When using a syringe, pull back on the plunger gently to avoid damaging the blood cells or collapsing the vein.
When blood collection is complete, gently hold a folded gauze square at the venipuncture site with your nondominant hand, and in one motion remove the needle and immediately apply pressure to the site with the gauze. Remove the tourniquet if you did not do so earlier.
Have the patient or an assistant continue to apply pressure to the site.
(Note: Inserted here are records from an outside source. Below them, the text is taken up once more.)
lemma ereal_le_if_le_minus_mult:
  assumes "\<And>e. 0 < e \<Longrightarrow> ereal (a - e * B) \<le> S"
  shows "ereal a \<le> S"
proof (cases "0 < B")
  case True
  show ?thesis
  proof (rule ereal_le_epsilon2)
    fix e :: real
    assume "0 < e"
    then have "ereal a \<le> ereal (a - (e / B) * B) + ereal e"
      using True by simp
    also have "\<dots> \<le> S + ereal e"
      using assms[of "e / B"] \<open>0 < e\<close> True by (intro add_right_mono) simp
    finally show "ereal a \<le> S + ereal e" .
  qed
next
  case False
  then have "ereal a \<le> ereal (a - 1 * B)" by simp
  also have "\<dots> \<le> S" by (rule assms) simp
  finally show ?thesis .
qed

lemma Ifun_add_ge_discrete_path:
  fixes z :: "nat \<Rightarrow> 'x" and T :: "'x \<Rightarrow> 'y"
  assumes "2 \<le> n" and on_\<Gamma>: "\<And>j. 0 < j \<Longrightarrow> j < n \<Longrightarrow> (z j, T (z j)) \<in> \<Gamma>"
  shows "ereal (c (z 0) (T (z n)) + c (z n) (T (z 0)) - c (z 0) (T (z 0)) - c (z n) (T (z n))
           + (\<Sum>j<n. c (z j) (T (z j)) + c (z (Suc j)) (T (z (Suc j)))
                     - c (z j) (T (z (Suc j))) - c (z (Suc j)) (T (z j))))
         \<le> Ifun c \<Gamma> (z 0) (T (z n)) + Ifun c \<Gamma> (z n) (T (z 0))"
proof -
  define w where "w j = T (z j)" for j
  let ?F = "chain_gain c z w n" and ?R = "chain_gain c (\<lambda>j. z (n - j)) (\<lambda>j. w (n - j)) n"
  have "ereal ?F \<le> Ifun c \<Gamma> (z 0) (w n)"
    using \<open>2 \<le> n\<close> by (intro chain_gain_le_Ifun) (auto simp: w_def intro!: on_\<Gamma>)
  moreover have "ereal ?R \<le> Ifun c \<Gamma> (z n) (w 0)"
    using chain_gain_le_Ifun[OF \<open>2 \<le> n\<close>, of "\<lambda>j. z (n - j)" "\<lambda>j. w (n - j)" \<Gamma> c]
    by (simp add: w_def on_\<Gamma>)
  ultimately have "ereal ?F + ereal ?R \<le> Ifun c \<Gamma> (z 0) (w n) + Ifun c \<Gamma> (z n) (w 0)"
    by (rule add_mono)
  then show ?thesis
    using chain_gain_add_reverse[of n c z w] \<open>2 \<le> n\<close> by (simp add: w_def)
qed

lemma Ifun_add_ge_along_path_up_to:
  fixes g :: "real \<Rightarrow> 'x::metric_space" and T :: "'x \<Rightarrow> 'y"
  assumes "path g" and "0 \<le> e" and "0 < \<delta>"
    and graph: "\<And>a. a \<in> path_image g \<Longrightarrow> (a, T a) \<in> \<Gamma>"
    and \<delta>: "\<And>x1 x2. x1 \<in> path_image g \<Longrightarrow> x2 \<in> path_image g \<Longrightarrow> dist x1 x2 < \<delta> \<Longrightarrow>
             \<bar>c x1 (T x1) + c x2 (T x2) - c x1 (T x2) - c x2 (T x1)\<bar> \<le> e * dist x1 x2"
    and B: "\<And>n::nat. 1 \<le> n \<Longrightarrow> (\<Sum>j<n. dist (g (j / n)) (g (Suc j / n))) \<le> B"
  defines "a \<equiv> pathstart g" and "b \<equiv> pathfinish g"
  shows "ereal (c a (T b) + c b (T a) - c a (T a) - c b (T b) - e * B)
           \<le> Ifun c \<Gamma> a (T b) + Ifun c \<Gamma> b (T a)"
proof -
  obtain n :: nat where "2 \<le> n" and fine: "\<And>j. j < n \<Longrightarrow> dist (g (j / n)) (g (Suc j / n)) < \<delta>"
    using path_uniform_partition_fine[OF \<open>path g\<close> \<open>0 < \<delta>\<close>] by blast
  define z where "z j = g (j / n)" for j :: nat
  have z_on_path: "z j \<in> path_image g" if "j \<le> n" for j
    unfolding z_def path_image_def using that \<open>2 \<le> n\<close> by (auto simp: field_simps)
  have "z 0 = a" "z n = b"
    using \<open>2 \<le> n\<close> by (simp_all add: z_def a_def b_def pathstart_def pathfinish_def)
  have "- (e * dist (z j) (z (Suc j)))
      \<le> c (z j) (T (z j)) + c (z (Suc j)) (T (z (Suc j))) - c (z j) (T (z (Suc j))) - c (z (Suc j)) (T (z j))"
    if "j < n" for j
  proof -
    have "\<bar>c (z j) (T (z j)) + c (z (Suc j)) (T (z (Suc j))) - c (z j) (T (z (Suc j)))
          - c (z (Suc j)) (T (z j))\<bar> \<le> e * dist (z j) (z (Suc j))"
      using that fine[OF that] by (intro \<delta> z_on_path) (auto simp: z_def)
    then show ?thesis by linarith
  qed
  then have "- (e * (\<Sum>j<n. dist (z j) (z (Suc j))))
      \<le> (\<Sum>j<n. c (z j) (T (z j)) + c (z (Suc j)) (T (z (Suc j)))
                - c (z j) (T (z (Suc j))) - c (z (Suc j)) (T (z j)))"
    by (simp add: sum_distrib_left flip: sum_negf) (rule sum_mono, simp)
  moreover have "e * (\<Sum>j<n. dist (z j) (z (Suc j))) \<le> e * B"
    using B \<open>0 \<le> e\<close> \<open>2 \<le> n\<close> by (simp add: z_def mult_left_mono)
  ultimately have "ereal (c a (T b) + c b (T a) - c a (T a) - c b (T b) - e * B)
      \<le> ereal (c (z 0) (T (z n)) + c (z n) (T (z 0)) - c (z 0) (T (z 0)) - c (z n) (T (z n))
         + (\<Sum>j<n. c (z j) (T (z j)) + c (z (Suc j)) (T (z (Suc j)))
                   - c (z j) (T (z (Suc j))) - c (z (Suc j)) (T (z j))))"
    unfolding \<open>z 0 = a\<close> \<open>z n = b\<close> by simp
  also have "\<dots> \<le> Ifun c \<Gamma> (z 0) (T (z n)) + Ifun c \<Gamma> (z n) (T (z 0))"
    using \<open>2 \<le> n\<close> by (rule Ifun_add_ge_discrete_path) (simp add: graph z_on_path)
  finally show ?thesis
    unfolding \<open>z 0 = a\<close> \<open>z n = b\<close> .
qed

lemma Ifun_add_ge_along_path:
  fixes g :: "real \<Rightarrow> 'x::metric_space" and T :: "'x \<Rightarrow> 'y"
  assumes "path g" and "finite_length g"
    and graph: "\<And>a. a \<in> path_image g \<Longrightarrow> (a, T a) \<in> \<Gamma>"
    and unif: "\<forall>e>0. \<exists>\<delta>>0. \<forall>x1\<in>path_image g. \<forall>x2\<in>path_image g. dist x1 x2 < \<delta> \<longrightarrow>
                 \<bar>c x1 (T x1) + c x2 (T x2) - c x1 (T x2) - c x2 (T x1)\<bar> \<le> e * dist x1 x2"
  defines "a \<equiv> pathstart g" and "b \<equiv> pathfinish g"
  shows "ereal (c a (T b) + c b (T a) - c a (T a) - c b (T b))
           \<le> Ifun c \<Gamma> a (T b) + Ifun c \<Gamma> b (T a)"
proof -
  obtain B where B: "\<And>n::nat. 1 \<le> n \<Longrightarrow> (\<Sum>j<n. dist (g (j / n)) (g (Suc j / n))) \<le> B"
    using finite_length_uniform_partition[OF \<open>finite_length g\<close>] by blast
  show ?thesis
  proof (rule ereal_le_if_le_minus_mult)
    fix e :: real
    assume "0 < e"
    then obtain \<delta> where "0 < \<delta>" and "\<forall>x1\<in>path_image g. \<forall>x2\<in>path_image g. dist x1 x2 < \<delta> \<longrightarrow>
        \<bar>c x1 (T x1) + c x2 (T x2) - c x1 (T x2) - c x2 (T x1)\<bar> \<le> e * dist x1 x2"
      using unif by blast
    then show "ereal (c a (T b) + c b (T a) - c a (T a) - c b (T b) - e * B)
        \<le> Ifun c \<Gamma> a (T b) + Ifun c \<Gamma> b (T a)"
      unfolding a_def b_def using \<open>0 < e\<close>
      by (intro Ifun_add_ge_along_path_up_to[OF \<open>path g\<close>] graph B) auto
  qed
qed

theorem lemma4p10:
  fixes \<mu> :: "'x::polish_space measure" and \<nu> :: "'y::polish_space measure"
    and c :: "'x \<Rightarrow> 'y \<Rightarrow> real"
    and \<pi> :: "real \<Rightarrow> ('x \<times> 'y) measure" and \<pi>s :: "('x \<times> 'y) measure"
    and T :: "'x \<Rightarrow> 'y"
    and x y x' y'
  assumes "prob_space \<mu>" and "sets \<mu> = sets borel"
    and "prob_space \<nu>" and "sets \<nu> = sets borel"
    and "continuous_on UNIV (\<lambda>z. c (fst z) (snd z))" and "\<And>a b. c a b \<ge> 0"
    and "\<And>\<epsilon>. \<epsilon> > 0 \<Longrightarrow> \<pi> \<epsilon> \<in> couplings \<mu> \<nu> \<and> cyc_invariant c \<epsilon> \<mu> \<nu> (\<pi> \<epsilon>)"
    and "\<pi>s \<in> couplings \<mu> \<nu>" and "weak_conv_at0 \<pi> \<pi>s"
    and graph: "spt \<pi>s = {(a, T a) | a. a \<in> fst ` spt \<pi>s}"
    and arc: "\<forall>a \<in> fst ` spt \<pi>s. \<forall>b \<in> fst ` spt \<pi>s. \<exists>g. path g \<and> path_image g \<subseteq> fst ` spt \<pi>s
               \<and> pathstart g = a \<and> pathfinish g = b \<and> finite_length g"
    and unif: "\<And>K. compact K \<Longrightarrow> K \<subseteq> fst ` spt \<pi>s \<Longrightarrow>
               \<forall>e>0. \<exists>\<delta>>0. \<forall>x1\<in>K. \<forall>x2\<in>K. dist x1 x2 < \<delta> \<longrightarrow>
                 \<bar>c x1 (T x1) + c x2 (T x2) - c x1 (T x2) - c x2 (T x1)\<bar> \<le> e * dist x1 x2"
    and "x \<in> fst ` spt \<pi>s" and "x' \<in> fst ` spt \<pi>s"
    and "y \<in> snd ` spt \<pi>s" and "y' \<in> snd ` spt \<pi>s"
    and "(x', y) \<in> spt \<pi>s" and "(x, y') \<in> spt \<pi>s"
  shows "Ifun c (spt \<pi>s) x y + Ifun c (spt \<pi>s) x' y'
           \<ge> ereal (c x y + c x' y' - c x y' - c x' y)"
proof -
  let ?\<Gamma> = "spt \<pi>s"
  have "y = T x'" and "y' = T x"
    using \<open>(x', y) \<in> ?\<Gamma>\<close> \<open>(x, y') \<in> ?\<Gamma>\<close> graph by auto
  obtain g where "path g" and g_in: "path_image g \<subseteq> fst ` ?\<Gamma>"
    and "pathstart g = x" and "pathfinish g = x'" and "finite_length g"
    using arc \<open>x \<in> fst ` ?\<Gamma>\<close> \<open>x' \<in> fst ` ?\<Gamma>\<close> by blast
  have "\<And>a. a \<in> path_image g \<Longrightarrow> (a, T a) \<in> ?\<Gamma>"
    using g_in graph by blast
  moreover have "\<forall>e>0. \<exists>\<delta>>0. \<forall>x1\<in>path_image g. \<forall>x2\<in>path_image g. dist x1 x2 < \<delta> \<longrightarrow>
      \<bar>c x1 (T x1) + c x2 (T x2) - c x1 (T x2) - c x2 (T x1)\<bar> \<le> e * dist x1 x2"
    using unif[OF compact_path_image[OF \<open>path g\<close>] g_in] .
  ultimately show ?thesis
    using Ifun_add_ge_along_path[OF \<open>path g\<close> \<open>finite_length g\<close>, of T ?\<Gamma> c]
      \<open>pathstart g = x\<close> \<open>pathfinish g = x'\<close> \<open>y = T x'\<close> \<open>y' = T x\<close>
    by simp
qed

end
If you used a syringe to collect the blood, now transfer samples to collection tubes and bottles;* either insert the needle directly into the tops of the vacuum tubes, or remove the needle and attach a vacuum tube holder to the syringe. Do not inject blood into vacuum collection tubes; allow the vacuum to draw the blood into the tube. After blood has been added to a tube, gently invert the tube 6 to 8 times to mix the contents; do not shake the tubes.
Deploy safety cover over the exposed needle. Deposit used blood-collection devices (with needles) into a sharps container. Do not recap nonsafety needles prior to disposal unless a sharps container is not immediately available.
Dress the site with gauze and tape or a bandage.